Exercise aim
When you reach the line containing "S \<subseteq> U" in the records below, start copying exactly, and stop once you have copied the line containing "proof (induction B rule: finite_induct)".

[Collected data entries]
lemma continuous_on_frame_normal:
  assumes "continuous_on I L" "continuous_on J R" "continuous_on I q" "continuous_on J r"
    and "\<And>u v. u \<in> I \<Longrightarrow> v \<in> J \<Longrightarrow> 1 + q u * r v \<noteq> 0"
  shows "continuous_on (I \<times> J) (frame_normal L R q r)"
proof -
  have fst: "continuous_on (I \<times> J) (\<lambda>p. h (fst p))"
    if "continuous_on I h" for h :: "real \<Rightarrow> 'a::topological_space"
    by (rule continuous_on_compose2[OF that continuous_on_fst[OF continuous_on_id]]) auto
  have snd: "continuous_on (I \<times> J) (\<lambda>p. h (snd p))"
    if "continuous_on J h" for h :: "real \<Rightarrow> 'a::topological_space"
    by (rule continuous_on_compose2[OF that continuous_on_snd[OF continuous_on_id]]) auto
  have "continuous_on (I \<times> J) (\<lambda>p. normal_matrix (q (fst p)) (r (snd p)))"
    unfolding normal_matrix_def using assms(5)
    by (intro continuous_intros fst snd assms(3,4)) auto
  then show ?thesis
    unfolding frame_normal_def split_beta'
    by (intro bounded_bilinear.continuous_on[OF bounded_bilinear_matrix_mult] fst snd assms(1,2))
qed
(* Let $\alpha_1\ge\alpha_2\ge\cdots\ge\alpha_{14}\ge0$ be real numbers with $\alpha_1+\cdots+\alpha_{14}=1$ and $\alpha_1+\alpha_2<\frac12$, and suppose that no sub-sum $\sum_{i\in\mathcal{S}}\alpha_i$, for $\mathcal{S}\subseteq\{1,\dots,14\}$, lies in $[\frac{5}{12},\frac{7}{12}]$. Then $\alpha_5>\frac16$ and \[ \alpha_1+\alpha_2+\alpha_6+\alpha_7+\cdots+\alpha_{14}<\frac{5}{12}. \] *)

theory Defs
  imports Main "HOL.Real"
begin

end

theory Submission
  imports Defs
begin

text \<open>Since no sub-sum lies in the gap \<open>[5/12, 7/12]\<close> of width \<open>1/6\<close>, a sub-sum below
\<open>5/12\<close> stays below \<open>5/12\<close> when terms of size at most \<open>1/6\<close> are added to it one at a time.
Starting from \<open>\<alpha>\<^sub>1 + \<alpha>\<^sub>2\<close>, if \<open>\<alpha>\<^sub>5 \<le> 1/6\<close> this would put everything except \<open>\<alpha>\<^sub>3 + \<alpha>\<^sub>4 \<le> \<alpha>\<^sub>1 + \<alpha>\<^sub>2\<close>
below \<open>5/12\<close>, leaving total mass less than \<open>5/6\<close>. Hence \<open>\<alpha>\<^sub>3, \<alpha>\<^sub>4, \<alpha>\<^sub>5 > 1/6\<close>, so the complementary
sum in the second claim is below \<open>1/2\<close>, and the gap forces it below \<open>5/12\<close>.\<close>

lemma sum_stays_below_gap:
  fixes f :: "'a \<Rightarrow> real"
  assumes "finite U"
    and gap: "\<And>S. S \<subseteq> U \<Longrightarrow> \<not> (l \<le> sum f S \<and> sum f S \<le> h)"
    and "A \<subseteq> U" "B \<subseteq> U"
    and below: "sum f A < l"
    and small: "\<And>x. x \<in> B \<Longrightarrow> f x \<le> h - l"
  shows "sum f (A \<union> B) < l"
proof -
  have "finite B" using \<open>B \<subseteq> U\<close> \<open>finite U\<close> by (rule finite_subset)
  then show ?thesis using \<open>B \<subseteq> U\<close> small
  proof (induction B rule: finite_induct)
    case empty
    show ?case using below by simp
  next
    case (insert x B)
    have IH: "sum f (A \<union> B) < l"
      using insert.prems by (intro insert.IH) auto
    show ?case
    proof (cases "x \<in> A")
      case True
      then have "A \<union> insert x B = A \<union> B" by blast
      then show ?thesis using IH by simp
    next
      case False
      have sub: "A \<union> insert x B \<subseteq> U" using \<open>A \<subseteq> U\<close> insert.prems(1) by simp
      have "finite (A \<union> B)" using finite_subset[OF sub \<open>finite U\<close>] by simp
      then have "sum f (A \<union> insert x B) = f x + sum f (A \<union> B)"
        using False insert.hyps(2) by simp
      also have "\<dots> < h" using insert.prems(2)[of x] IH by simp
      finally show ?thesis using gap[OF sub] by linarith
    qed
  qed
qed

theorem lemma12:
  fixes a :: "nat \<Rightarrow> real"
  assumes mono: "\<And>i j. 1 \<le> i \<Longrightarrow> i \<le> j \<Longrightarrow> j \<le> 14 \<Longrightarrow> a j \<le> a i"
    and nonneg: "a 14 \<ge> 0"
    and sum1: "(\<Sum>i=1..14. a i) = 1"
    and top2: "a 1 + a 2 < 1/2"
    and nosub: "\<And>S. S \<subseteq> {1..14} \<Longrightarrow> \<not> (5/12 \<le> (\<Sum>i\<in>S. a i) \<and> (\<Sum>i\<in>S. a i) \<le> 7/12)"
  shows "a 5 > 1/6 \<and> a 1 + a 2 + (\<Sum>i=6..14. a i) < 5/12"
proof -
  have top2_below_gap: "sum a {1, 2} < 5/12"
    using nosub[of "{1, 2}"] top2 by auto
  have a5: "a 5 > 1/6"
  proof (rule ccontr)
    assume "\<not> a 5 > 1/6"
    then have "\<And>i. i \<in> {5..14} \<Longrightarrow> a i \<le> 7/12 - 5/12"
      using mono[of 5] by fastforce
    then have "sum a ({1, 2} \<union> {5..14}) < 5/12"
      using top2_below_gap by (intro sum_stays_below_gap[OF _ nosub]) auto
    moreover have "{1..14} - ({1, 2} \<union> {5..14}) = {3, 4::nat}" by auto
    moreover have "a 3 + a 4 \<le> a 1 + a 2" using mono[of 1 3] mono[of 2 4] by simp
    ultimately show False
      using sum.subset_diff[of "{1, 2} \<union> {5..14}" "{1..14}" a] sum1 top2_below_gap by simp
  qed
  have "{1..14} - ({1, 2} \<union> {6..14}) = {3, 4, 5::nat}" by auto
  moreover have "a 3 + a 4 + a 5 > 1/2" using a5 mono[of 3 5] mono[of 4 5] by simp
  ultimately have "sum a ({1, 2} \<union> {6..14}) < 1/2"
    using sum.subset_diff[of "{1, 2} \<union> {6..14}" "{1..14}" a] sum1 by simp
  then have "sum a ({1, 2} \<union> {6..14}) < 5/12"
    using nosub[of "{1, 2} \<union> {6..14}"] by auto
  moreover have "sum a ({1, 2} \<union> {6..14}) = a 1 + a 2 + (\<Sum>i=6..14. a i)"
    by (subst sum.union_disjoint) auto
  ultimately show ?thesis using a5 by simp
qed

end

--

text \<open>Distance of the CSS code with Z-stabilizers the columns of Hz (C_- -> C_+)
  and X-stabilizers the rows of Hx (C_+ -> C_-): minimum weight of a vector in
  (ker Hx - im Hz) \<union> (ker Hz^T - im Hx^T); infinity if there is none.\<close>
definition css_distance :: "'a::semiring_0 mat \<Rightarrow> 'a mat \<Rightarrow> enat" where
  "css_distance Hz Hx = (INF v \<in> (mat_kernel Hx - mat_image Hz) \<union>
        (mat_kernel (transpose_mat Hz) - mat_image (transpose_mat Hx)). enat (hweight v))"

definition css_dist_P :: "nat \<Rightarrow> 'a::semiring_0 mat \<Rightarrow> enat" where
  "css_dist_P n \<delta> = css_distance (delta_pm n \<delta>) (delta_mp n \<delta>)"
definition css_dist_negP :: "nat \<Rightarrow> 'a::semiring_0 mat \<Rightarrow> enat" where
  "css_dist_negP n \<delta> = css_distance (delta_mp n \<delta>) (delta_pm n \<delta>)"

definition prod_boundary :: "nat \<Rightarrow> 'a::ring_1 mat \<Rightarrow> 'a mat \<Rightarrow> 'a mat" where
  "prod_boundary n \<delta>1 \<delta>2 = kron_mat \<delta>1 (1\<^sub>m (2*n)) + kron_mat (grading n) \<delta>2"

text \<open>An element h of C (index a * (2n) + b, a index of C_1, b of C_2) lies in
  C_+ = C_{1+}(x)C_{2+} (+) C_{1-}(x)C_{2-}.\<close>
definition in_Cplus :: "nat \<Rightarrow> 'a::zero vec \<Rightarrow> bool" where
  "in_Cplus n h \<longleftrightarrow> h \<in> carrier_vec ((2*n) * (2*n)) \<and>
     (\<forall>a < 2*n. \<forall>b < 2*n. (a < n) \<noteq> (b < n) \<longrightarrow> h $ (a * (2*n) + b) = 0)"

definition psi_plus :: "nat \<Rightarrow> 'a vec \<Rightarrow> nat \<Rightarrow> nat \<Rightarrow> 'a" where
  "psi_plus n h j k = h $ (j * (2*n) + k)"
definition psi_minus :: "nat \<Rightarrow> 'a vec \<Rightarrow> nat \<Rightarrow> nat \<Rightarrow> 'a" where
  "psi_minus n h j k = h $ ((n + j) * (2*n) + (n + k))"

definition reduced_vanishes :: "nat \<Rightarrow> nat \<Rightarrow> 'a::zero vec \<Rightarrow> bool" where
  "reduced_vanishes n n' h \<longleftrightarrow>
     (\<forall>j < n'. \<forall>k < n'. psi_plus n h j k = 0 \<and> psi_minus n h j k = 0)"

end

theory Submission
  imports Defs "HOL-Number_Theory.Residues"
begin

Output for this task
    and gap: "\<And>S. S \<subseteq> U \<Longrightarrow> \<not> (l \<le> sum f S \<and> sum f S \<le> h)"
    and "A \<subseteq> U" "B \<subseteq> U"
    and below: "sum f A < l"
    and small: "\<And>x. x \<in> B \<Longrightarrow> f x \<le> h - l"
  shows "sum f (A \<union> B) < l"
proof -
  have "finite B" using \<open>B \<subseteq> U\<close> \<open>finite U\<close> by (rule finite_subset)
  then show ?thesis using \<open>B \<subseteq> U\<close> small
  proof (induction B rule: finite_induct)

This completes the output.